Majority Leader Mitch McConnell filed cloture on a substitute amendment that Murkowski introduced to the underlying energy bill and on the bill itself. Murkowski said that substitute includes 18 new amendments, from Republicans and Democrats, and a vote would occur Monday night.

The bill hit snags this week, as legislation to address the coronavirus-caused disease COVID-19 took over both chambers and members jockeyed to get their amendments — now about 200, according to Murkowski — into the energy bill.

[Fast-moving Senate energy bill draws dozens of amendments]

If enacted as drafted, the bill would address a swatch of energy and technology topics, including utility-scale battery storage, cybersecurity, critical minerals, natural gas exports, infrastructure licensing and nuclear power.
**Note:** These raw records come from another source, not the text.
(* Let $c$ be a cost function on $(\mathbb{R}^n)^N$, $\alpha_i>0$, and $(\Phi_1,\dots,\Phi_N)$ an admissible tuple with $0<\int e^{-\alpha_i\Phi_i}dx<\infty$ for all $i$. Let $\mu_i=e^{-\alpha_i\Phi_i(x_i)}dx_i/\int e^{-\alpha_i\Phi_i}dx_i$ and $d(x)=\sum_{i}\Phi_i(x_i)-c(x)$. Assume that for every tuple of probability measures $\nu_1,\dots,\nu_N$ on $\mathbb{R}^n$, $$K^{\min}_d(\nu_1,\dots,\nu_N)\le\sum_{i=1}^N\frac1{\alpha_i}\mathrm{Ent}_{\mu_i}(\nu_i).$$ Then $\prod_i(\int e^{-\alpha_iV_i}dx)^{1/\alpha_i}\le\prod_i(\int e^{-\alpha_i\Phi_i}dx)^{1/\alpha_i}$ for every admissible tuple $(V_i)$ with $0<\int e^{-\alpha_iV_i}dx<\infty$ and $V_i,\Phi_i\in L^1(\nu_i)$, where $\nu_i=e^{-\alpha_iV_i}dx/\int e^{-\alpha_iV_i}dx$; i.e. $(\Phi_i)$ maximizes the functional $\mathcal{BS}_{\alpha,m}$ with Lebesgue reference measures $m_i=dx_i$ over such tuples.
   Context: A tuple $(V_i)$ of functions $V_i:\mathbb{R}^n\to(-\infty,+\infty]$ is admissible (for $c$) if $\sum_iV_i(x_i)\ge c(x)$ for all $x=(x_1,\dots,x_N)\in(\mathbb{R}^n)^N$. $K^{\min}_d(\nu_1,\dots,\nu_N)=\inf_\pi\int d\,d\pi$ over probability measures $\pi$ on $(\mathbb{R}^n)^N$ with marginals $\nu_1,\dots,\nu_N$. $\mathrm{Ent}_\mu(\nu)=\int\rho\log\rho\,d\mu$ if $\nu=\rho\mu$, and $+\infty$ otherwise. *)

theory Defs
  imports "HOL-Probability.Probability"
begin

text \<open>Index set {1..N} is a finite type 'i; R^n is a euclidean space 'a with
  Lebesgue measure lborel. Potentials take values in ereal (meant: (-inf,+inf]).\<close>

definition admissible :: "(('i::finite \<Rightarrow> 'a) \<Rightarrow> real) \<Rightarrow> ('i \<Rightarrow> 'a \<Rightarrow> ereal) \<Rightarrow> bool" where
  "admissible c V \<longleftrightarrow> (\<forall>x. (\<Sum>i\<in>UNIV. V i (x i)) \<ge> ereal (c x))"

definition expn :: "real \<Rightarrow> ereal \<Rightarrow> ennreal" where
  "expn a v = (case v of ereal r \<Rightarrow> ennreal (exp (- a * r)) | PInfty \<Rightarrow> 0 | MInfty \<Rightarrow> \<infinity>)"

definition Zint :: "real \<Rightarrow> ('a::euclidean_space \<Rightarrow> ereal) \<Rightarrow> ennreal" where
  "Zint a V = (\<integral>\<^sup>+ x. expn a (V x) \<partial>lborel)"

definition gibbs :: "real \<Rightarrow> ('a::euclidean_space \<Rightarrow> ereal) \<Rightarrow> 'a measure" where
  "gibbs a V = density lborel (\<lambda>x. expn a (V x) / Zint a V)"

definition couplings :: "('i::finite \<Rightarrow> 'a::euclidean_space measure) \<Rightarrow> ('i \<Rightarrow> 'a) measure set" where
  "couplings \<nu> = {\<pi>. prob_space \<pi> \<and> sets \<pi> = sets (PiM UNIV (\<lambda>_. borel)) \<and>
                     (\<forall>i. distr \<pi> borel (\<lambda>x. x i) = \<nu> i)}"

text \<open>Optimal transport value for a nonnegative cost d (the case needed below).\<close>
definition Kmin :: "(('i::finite \<Rightarrow> 'a::euclidean_space) \<Rightarrow> ennreal) \<Rightarrow> ('i \<Rightarrow> 'a measure) \<Rightarrow> ennreal" where
  "Kmin d \<nu> = (INF \<pi>\<in>couplings \<nu>. \<integral>\<^sup>+ x. d x \<partial>\<pi>)"

text \<open>The integral is taken as (positive part) - (negative part); the negative part is finite
  since rho log rho >= -1/e and mu is finite.\<close>
definition Ent :: "'a measure \<Rightarrow> 'a measure \<Rightarrow> ereal" where
  "Ent \<mu> \<nu> = (if (\<exists>\<rho>\<in>borel_measurable \<mu>. \<nu> = density \<mu> \<rho>) then
      (let \<rho> = (\<lambda>x. enn2real (RN_deriv \<mu> \<nu> x)) in
        enn2ereal (\<integral>\<^sup>+ x. ennreal (\<rho> x * ln (\<rho> x)) \<partial>\<mu>)
        - enn2ereal (\<integral>\<^sup>+ x. ennreal (- (\<rho> x * ln (\<rho> x))) \<partial>\<mu>))
    else \<infinity>)"

definition L1e :: "'a measure \<Rightarrow> ('a \<Rightarrow> ereal) \<Rightarrow> bool" where
  "L1e M f \<longleftrightarrow> f \<in> borel_measurable M \<and> (AE x in M. \<bar>f x\<bar> \<noteq> \<infinity>) \<and>
                integrable M (\<lambda>x. real_of_ereal (f x))"

end

theory Submission
  imports Defs
begin

text \<open>Test the transport-entropy inequality with the Gibbs measures \<open>\<nu>\<^sub>i\<close> of the
  potentials \<open>V\<^sub>i\<close>. Since
  \<open>log (d\<nu>\<^sub>i / d\<mu>\<^sub>i) = \<alpha>\<^sub>i (\<Phi>\<^sub>i - V\<^sub>i) + log Z(\<Phi>\<^sub>i) - log Z(V\<^sub>i)\<close>,
  the right-hand side equals \<open>\<Sum>\<^sub>i \<integral>(\<Phi>\<^sub>i - V\<^sub>i) d\<nu>\<^sub>i + \<Sum>\<^sub>i (log Z(\<Phi>\<^sub>i) - log Z(V\<^sub>i)) / \<alpha>\<^sub>i\<close>.
  Admissibility of \<open>V\<close> gives \<open>d \<ge> \<Sum>\<^sub>i (\<Phi>\<^sub>i - V\<^sub>i)\<close> pointwise, so every coupling of the
  \<open>\<nu>\<^sub>i\<close> costs at least \<open>\<Sum>\<^sub>i \<integral>(\<Phi>\<^sub>i - V\<^sub>i) d\<nu>\<^sub>i\<close>. The integrals cancel and leave
  \<open>\<Sum>\<^sub>i log Z(V\<^sub>i) / \<alpha>\<^sub>i \<le> \<Sum>\<^sub>i log Z(\<Phi>\<^sub>i) / \<alpha>\<^sub>i\<close>.\<close>

lemma ereal_le_enn2ereal_ennreal: "ereal x \<le> enn2ereal (ennreal x)"
  by (cases "0 \<le> x") (auto simp: ennreal_neg zero_ennreal.rep_eq)

lemma enn2ereal_eq_ereal_enn2real: "x \<noteq> \<infinity> \<Longrightarrow> enn2ereal x = ereal (enn2real x)"
  by (cases x) simp_all

lemma ennreal_integral_le_nn_integral:
  fixes f :: "'a \<Rightarrow> real"
  assumes "integrable M f"
  shows "ennreal (\<integral>x. f x \<partial>M) \<le> (\<integral>\<^sup>+ x. ennreal (f x) \<partial>M)"
proof -
  have "(\<integral>x. f x \<partial>M) \<le> enn2real (\<integral>\<^sup>+ x. ennreal (f x) \<partial>M)"
    by (simp add: real_lebesgue_integral_def[OF assms])
  then have "ennreal (\<integral>x. f x \<partial>M) \<le> ennreal (enn2real (\<integral>\<^sup>+ x. ennreal (f x) \<partial>M))"
    by (rule ennreal_leI)
  also have "\<dots> = (\<integral>\<^sup>+ x. ennreal (f x) \<partial>M)"
    using integrableD(2)[OF assms] by (simp add: less_top)
  finally show ?thesis .
qed

definition gibbs_weight :: "real \<Rightarrow> ('a \<Rightarrow> ereal) \<Rightarrow> 'a \<Rightarrow> real" where
  "gibbs_weight a V x = (if V x = \<infinity> then 0 else exp (- a * real_of_ereal (V x)))"

lemma borel_measurable_gibbs_weight [measurable]:
  fixes V :: "'a::euclidean_space \<Rightarrow> ereal"
  assumes [measurable]: "V \<in> borel_measurable borel"
  shows "gibbs_weight a V \<in> borel_measurable borel"
  unfolding gibbs_weight_def by measurable

lemma gibbs_weight_nonneg: "0 \<le> gibbs_weight a V x"
  by (simp add: gibbs_weight_def)

lemma gibbs_weight_pos_iff: "0 < gibbs_weight a V x \<longleftrightarrow> V x \<noteq> \<infinity>"
  by (simp add: gibbs_weight_def)

lemma expn_eq_gibbs_weight: "V x \<noteq> -\<infinity> \<Longrightarrow> expn a (V x) = ennreal (gibbs_weight a V x)"
  by (cases "V x") (auto simp: expn_def gibbs_weight_def)

definition gibbs_density :: "real \<Rightarrow> ('a::euclidean_space \<Rightarrow> ereal) \<Rightarrow> 'a \<Rightarrow> real" where
  "gibbs_density a V x = gibbs_weight a V x / enn2real (Zint a V)"

lemma borel_measurable_gibbs_density [measurable]:
  "V \<in> borel_measurable borel \<Longrightarrow> gibbs_density a V \<in> borel_measurable borel"
  unfolding gibbs_density_def[abs_def] by (intro borel_measurable_divide borel_measurable_gibbs_weight) simp_all

lemma gibbs_density_nonneg: "0 \<le> gibbs_density a V x"
  by (simp add: gibbs_density_def gibbs_weight_nonneg)

lemma gibbs_density_pos_iff:
  assumes "0 < Zint a V" "Zint a V < \<infinity>"
  shows "0 < gibbs_density a V x \<longleftrightarrow> V x \<noteq> \<infinity>"
proof -
  have "0 < enn2real (Zint a V)"
    using assms by (simp add: enn2real_positive_iff less_top)
  then show ?thesis
    by (simp add: gibbs_density_def zero_less_divide_iff gibbs_weight_pos_iff)
qed

lemma
  fixes V :: "'a::euclidean_space \<Rightarrow> ereal"
  assumes [measurable]: "V \<in> borel_measurable borel"
    and V_range: "\<And>x. V x \<noteq> -\<infinity>" and Z: "0 < Zint a V" "Zint a V < \<infinity>"
  shows gibbs_eq_density: "gibbs a V = density lborel (\<lambda>x. ennreal (gibbs_density a V x))"
    and prob_space_gibbs: "prob_space (gibbs a V)"
proof -
  define Z where "Z = enn2real (Zint a V)"
  have Z_eq: "Zint a V = ennreal Z" and Z_pos: "Z > 0"
    using Z by (auto simp: Z_def less_top enn2real_positive_iff)
  have "expn a (V x) / Zint a V = ennreal (gibbs_density a V x)" for x
    using Z_pos
    by (simp add: gibbs_density_def expn_eq_gibbs_weight V_range Z_eq divide_ennreal gibbs_weight_nonneg)
  then show gibbs: "gibbs a V = density lborel (\<lambda>x. ennreal (gibbs_density a V x))"
    by (simp add: gibbs_def)
  have "emeasure (gibbs a V) (space (gibbs a V))
      = (\<integral>\<^sup>+ x. ennreal (gibbs_weight a V x) / ennreal Z \<partial>lborel)"
    by (simp add: gibbs emeasure_density gibbs_density_def Z_def[symmetric] divide_ennreal
        gibbs_weight_nonneg Z_pos)
  also have "\<dots> = Zint a V / ennreal Z"
    by (simp add: nn_integral_divide Zint_def expn_eq_gibbs_weight V_range)
  also have "\<dots> = 1"
    using Z_pos by (simp add: Z_eq divide_ennreal)
  finally show "prob_space (gibbs a V)"
    by (rule prob_spaceI)
qed

lemma ln_gibbs_density_ratio:
  assumes "\<bar>\<Phi> x\<bar> \<noteq> \<infinity>" "\<bar>V x\<bar> \<noteq> \<infinity>"
    and "0 < Zint a \<Phi>" "Zint a \<Phi> < \<infinity>" "0 < Zint a V" "Zint a V < \<infinity>"
  shows "ln (gibbs_density a V x / gibbs_density a \<Phi> x)
    = a * (real_of_ereal (\<Phi> x) - real_of_ereal (V x))
      + (ln (enn2real (Zint a \<Phi>)) - ln (enn2real (Zint a V)))"
proof -
  have "0 < enn2real (Zint a \<Phi>)" "0 < enn2real (Zint a V)"
    using assms(3-) by (simp_all add: enn2real_positive_iff less_top)
  moreover obtain p v where "\<Phi> x = ereal p" "V x = ereal v"
    using assms(1,2) by (cases "\<Phi> x"; cases "V x") auto
  ultimately show ?thesis
    by (simp add: gibbs_density_def gibbs_weight_def ln_div ln_mult algebra_simps)
qed

lemma density_eq_density_density_ratio:
  fixes f g :: "'a \<Rightarrow> real"
  assumes [measurable]: "f \<in> borel_measurable M" "g \<in> borel_measurable M"
    and nonneg: "\<And>x. 0 \<le> f x" "\<And>x. 0 \<le> g x"
    and abs_cont: "AE x in M. 0 < f x \<longrightarrow> 0 < g x"
  shows "density M (\<lambda>x. ennreal (f x))
    = density (density M (\<lambda>x. ennreal (g x))) (\<lambda>x. ennreal (f x / g x))"
proof -
  \<comment> \<open>Where \<open>g\<close> vanishes, \<open>f\<close> vanishes a.e., and \<open>f / g = 0\<close> there by \<open>x / 0 = 0\<close>.\<close>
  have "AE x in M. ennreal (f x) = ennreal (g x) * ennreal (f x / g x)"
    using abs_cont
  proof eventually_elim
    case (elim x)
    then show ?case
      using nonneg[of x] by (cases "f x = 0") (auto simp: ennreal_mult'[symmetric])
  qed
  then show ?thesis
    by (simp add: density_density_eq density_cong)
qed

lemma gibbs_eq_density_gibbs:
  fixes \<Phi> V :: "'a::euclidean_space \<Rightarrow> ereal"
  assumes \<Phi>_meas[measurable]: "\<Phi> \<in> borel_measurable borel"
    and V_meas[measurable]: "V \<in> borel_measurable borel"
    and \<Phi>_range: "\<And>x. \<Phi> x \<noteq> -\<infinity>" and V_range: "\<And>x. V x \<noteq> -\<infinity>"
    and \<Phi>_Z: "0 < Zint a \<Phi>" "Zint a \<Phi> < \<infinity>" and V_Z: "0 < Zint a V" "Zint a V < \<infinity>"
    and \<Phi>_finite: "AE x in gibbs a V. \<Phi> x \<noteq> \<infinity>"
  shows "gibbs a V
    = density (gibbs a \<Phi>) (\<lambda>x. ennreal (gibbs_density a V x / gibbs_density a \<Phi> x))"
proof -
  have "AE x in lborel. 0 < gibbs_density a V x \<longrightarrow> 0 < gibbs_density a \<Phi> x"
    using \<Phi>_finite unfolding gibbs_eq_density[OF V_meas V_range V_Z]
    by (subst (asm) AE_density)
      (auto simp: gibbs_density_pos_iff[OF \<Phi>_Z] elim!: eventually_mono)
  then show ?thesis
    unfolding gibbs_eq_density[OF V_meas V_range V_Z]
      gibbs_eq_density[OF \<Phi>_meas \<Phi>_range \<Phi>_Z]
    by (intro density_eq_density_density_ratio gibbs_density_nonneg) measurable
qed

lemma Ent_density_eq_integral_ln:
  fixes r :: "'a \<Rightarrow> real" and \<mu> :: "'a measure"
  defines "\<nu> \<equiv> density \<mu> (\<lambda>x. ennreal (r x))"
  assumes "sigma_finite_measure \<mu>"
    and [measurable]: "r \<in> borel_measurable \<mu>"
    and r_nonneg: "\<And>x. 0 \<le> r x"
    and ln_integrable: "integrable \<nu> (\<lambda>x. ln (r x))"
  shows "Ent \<mu> \<nu> = ereal (\<integral>x. ln (r x) \<partial>\<nu>)"
proof -
  define \<rho> where "\<rho> x = enn2real (RN_deriv \<mu> \<nu> x)" for x
  have "AE x in \<mu>. ennreal (r x) = RN_deriv \<mu> \<nu> x"
    unfolding \<nu>_def by (rule sigma_finite_measure.RN_deriv_unique) (use assms in auto)
  then have \<rho>_eq: "AE x in \<mu>. \<rho> x = r x"
    by eventually_elim (metis \<rho>_def enn2real_ennreal r_nonneg)
  \<comment> \<open>\<open>Ent\<close> integrates the positive and negative parts separately: \<open>s = 1\<close> and \<open>s = -1\<close>.\<close>
  have entropy_part: "(\<integral>\<^sup>+ x. ennreal (s * (\<rho> x * ln (\<rho> x))) \<partial>\<mu>)
      = (\<integral>\<^sup>+ x. ennreal (s * ln (r x)) \<partial>\<nu>)" for s
  proof -
    have "(\<integral>\<^sup>+ x. ennreal (s * (\<rho> x * ln (\<rho> x))) \<partial>\<mu>)
        = (\<integral>\<^sup>+ x. ennreal (r x) * ennreal (s * ln (r x)) \<partial>\<mu>)"
      using \<rho>_eq by (intro nn_integral_cong_AE, eventually_elim)
        (simp add: r_nonneg mult.left_commute flip: ennreal_mult')
    also have "\<dots> = (\<integral>\<^sup>+ x. ennreal (s * ln (r x)) \<partial>\<nu>)"
      unfolding \<nu>_def by (simp add: nn_integral_density)
    finally show ?thesis .
  qed
  have "Ent \<mu> \<nu> = enn2ereal (\<integral>\<^sup>+ x. ennreal (ln (r x)) \<partial>\<nu>)
      - enn2ereal (\<integral>\<^sup>+ x. ennreal (- ln (r x)) \<partial>\<nu>)"
    using entropy_part[of 1] entropy_part[of "-1"]
    by (auto simp: Ent_def \<rho>_def \<nu>_def Let_def)
  also have "\<dots> = ereal (\<integral>x. ln (r x) \<partial>\<nu>)"
    using integrableD(2,3)[OF ln_integrable]
    by (simp add: real_lebesgue_integral_def[OF ln_integrable] enn2ereal_eq_ereal_enn2real)
  finally show ?thesis .
qed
Sen. John Kennedy, R-La., told reporters Wednesday night that he would object to every offered amendment on the bill to get a vote on a bipartisan bill, co-sponsored with Sen. Thomas R. Carper, D-Del., to phase down hydrofluorocarbons, which are highly potent greenhouse gases.

“I don’t have any choice,” Kennedy said. The White House has signaled it opposes that legislation. 

Murkowski said she would like this legislative dance to have played out differently this week. “This is not my preferred approach,” she said.